[SECOAUTH-80] Separate out Servlet API concerns from OAuth protocols #111
Description
Priority: Major
Original Assignee: Ryan Heaton
Reporter: Dave Syer
Created At: Wed, 27 Jul 2011 14:09:30 +0100
Last Updated on Jira: Tue, 6 Sep 2011 17:24:39 +0100
Separate out Servlet API concerns from OAuth protocols is a useful design goal. Spring Security itself has moved in this direction over the years and it has proved very productive. Spring Social already has a platform agnostic set of APIs for the consumer side, so it would make sense leverage that work in some way.
Comments:
rheaton on Sat, 3 Sep 2011 02:52:39 +0100
I don't have any problem with the goal, but it's tricky when you need to do things like redirect the user to the provider. If you separate our the servlet API, then you have to provide some kind of abstraction for redirecting the user.

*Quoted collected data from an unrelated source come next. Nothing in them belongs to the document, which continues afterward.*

lemma mult_map_tens_left: "mult_map (tens a 1 * w) = a * mult_map w"
proof -
  have "mult_map (tens a 1 * w) =
      (\<Sum>x\<in>Poly_Mapping.keys a. Poly_Mapping.single x (Poly_Mapping.lookup a x)) * mult_map w"
    by (simp add: tens_1_right sum_distrib_right mult_map_sum mult_map_single_mult)
  then show ?thesis
    by (simp add: poly_mapping_sum_single)
qed

lemma mult_map_tens_right: "mult_map (w * tens 1 b) = mult_map w * b"
proof -
  have "mult_map (w * tens 1 b) =
      mult_map w * (\<Sum>y\<in>Poly_Mapping.keys b. Poly_Mapping.single y (Poly_Mapping.lookup b y))"
    by (simp add: tens_1_left sum_distrib_left mult_map_sum mult_map_mult_single)
  then show ?thesis
    by (simp add: poly_mapping_sum_single)
qed

definition additive_on_vec :: "nat \<Rightarrow> ((nat \<Rightarrow> 'a::monoid_add) \<Rightarrow> 'b::plus) \<Rightarrow> bool" where
  "additive_on_vec r f \<longleftrightarrow> (\<forall>x\<in>vec r. \<forall>y\<in>vec r. f (\<lambda>i. x i + y i) = f x + f y)"

definition unit_vec :: "nat \<Rightarrow> nat \<Rightarrow> 'a::{zero,one}" where
  "unit_vec j = (\<lambda>k. if k = j then 1 else 0)"

lemma zero_in_vec [simp]: "(\<lambda>_. 0) \<in> vec r"
  by (simp add: vec_def)

lemma unit_vec_in_vec: "j < r \<Longrightarrow> unit_vec j \<in> vec r"
  by (simp add: unit_vec_def vec_def)

lemma sum_in_vec:
  "(\<And>i. i \<in> S \<Longrightarrow> v i \<in> vec r) \<Longrightarrow> (\<lambda>k. \<Sum>i\<in>S. v i k) \<in> vec r"
  by (simp add: vec_def)

lemma scaled_unit_vec_in_vec: "j < r \<Longrightarrow> (\<lambda>k. (a::'a::semiring_1) * unit_vec j k) \<in> vec r"
  by (simp add: vec_def unit_vec_def)

lemma additive_on_vec_zero:
  fixes f :: "(nat \<Rightarrow> 'a::comm_monoid_add) \<Rightarrow> 'b::ab_group_add"
  assumes "additive_on_vec r f"
  shows "f (\<lambda>_. 0) = 0"
proof -
  have "f (\<lambda>i. 0 + 0) = f (\<lambda>_. 0) + f (\<lambda>_. 0)"
    using assms[unfolded additive_on_vec_def, rule_format, OF zero_in_vec zero_in_vec] .
  then show ?thesis
    by simp
qed

lemma additive_on_vec_eq_sum:
  fixes f :: "(nat \<Rightarrow> 'a::semiring_1) \<Rightarrow> 'b::ab_group_add"
  assumes add: "additive_on_vec r f" and x: "x \<in> vec r"
  shows "f x = (\<Sum>j<r. f (\<lambda>k. x j * unit_vec j k))"
proof -
  have partial_sums: "f (\<lambda>k. \<Sum>j\<in>S. x j * unit_vec j k) = (\<Sum>j\<in>S. f (\<lambda>k. x j * unit_vec j k))"
    if "S \<subseteq> {..<r}" for S
    using finite_subset[OF that finite_lessThan] that
  proof (induction S rule: finite_induct)
    case empty
    then show ?case
      using additive_on_vec_zero[OF add] by simp
  next
    case (insert j S)
    let ?u = "\<lambda>k. x j * unit_vec j k" and ?v = "\<lambda>k. \<Sum>i\<in>S. x i * unit_vec i k"
    have "?u \<in> vec r" "?v \<in> vec r"
      using insert.prems by (auto intro!: scaled_unit_vec_in_vec sum_in_vec)
    then have "f (\<lambda>k. ?u k + ?v k) = f ?u + f ?v"
      by (rule add[unfolded additive_on_vec_def, rule_format])
    then show ?case
      using insert by simp
  qed
  have "(\<lambda>k. \<Sum>j<r. x j * unit_vec j k) = x"
  proof
    fix k
    have "(\<Sum>j<r. x j * unit_vec j k) = (\<Sum>j<r. if k = j then x k else 0)"
      by (rule sum.cong) (simp_all add: unit_vec_def)
    then show "(\<Sum>j<r. x j * unit_vec j k) = x k"
      using x by (simp add: vec_def)
  qed
  with partial_sums[OF order_refl] show ?thesis
    by simp
qed

lemma left_hom_additive: "left_hom r s d \<Longrightarrow> additive_on_vec r (\<lambda>x. d x k)"
  by (simp add: left_hom_def additive_on_vec_def fun_eq_iff)

lemma left_hom_K_additive: "left_hom_K r e \<Longrightarrow> additive_on_vec r e"
  by (simp add: left_hom_K_def additive_on_vec_def)

lemma left_hom_zero: "left_hom r s d \<Longrightarrow> d (\<lambda>_. 0) = (\<lambda>_. 0)"
  using additive_on_vec_zero[OF left_hom_additive] by blast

david_syer on Tue, 6 Sep 2011 17:24:39 +0100
Spring Security Core manages to do a better job of this, so I think it must be possible. It doesn't have to be a top priority for 1.0, I agree. In fact it probably fits well with the effort to harmonise with Spring Social (SECOAUTH-62) which is also unlikely to be a high priority for 1.0.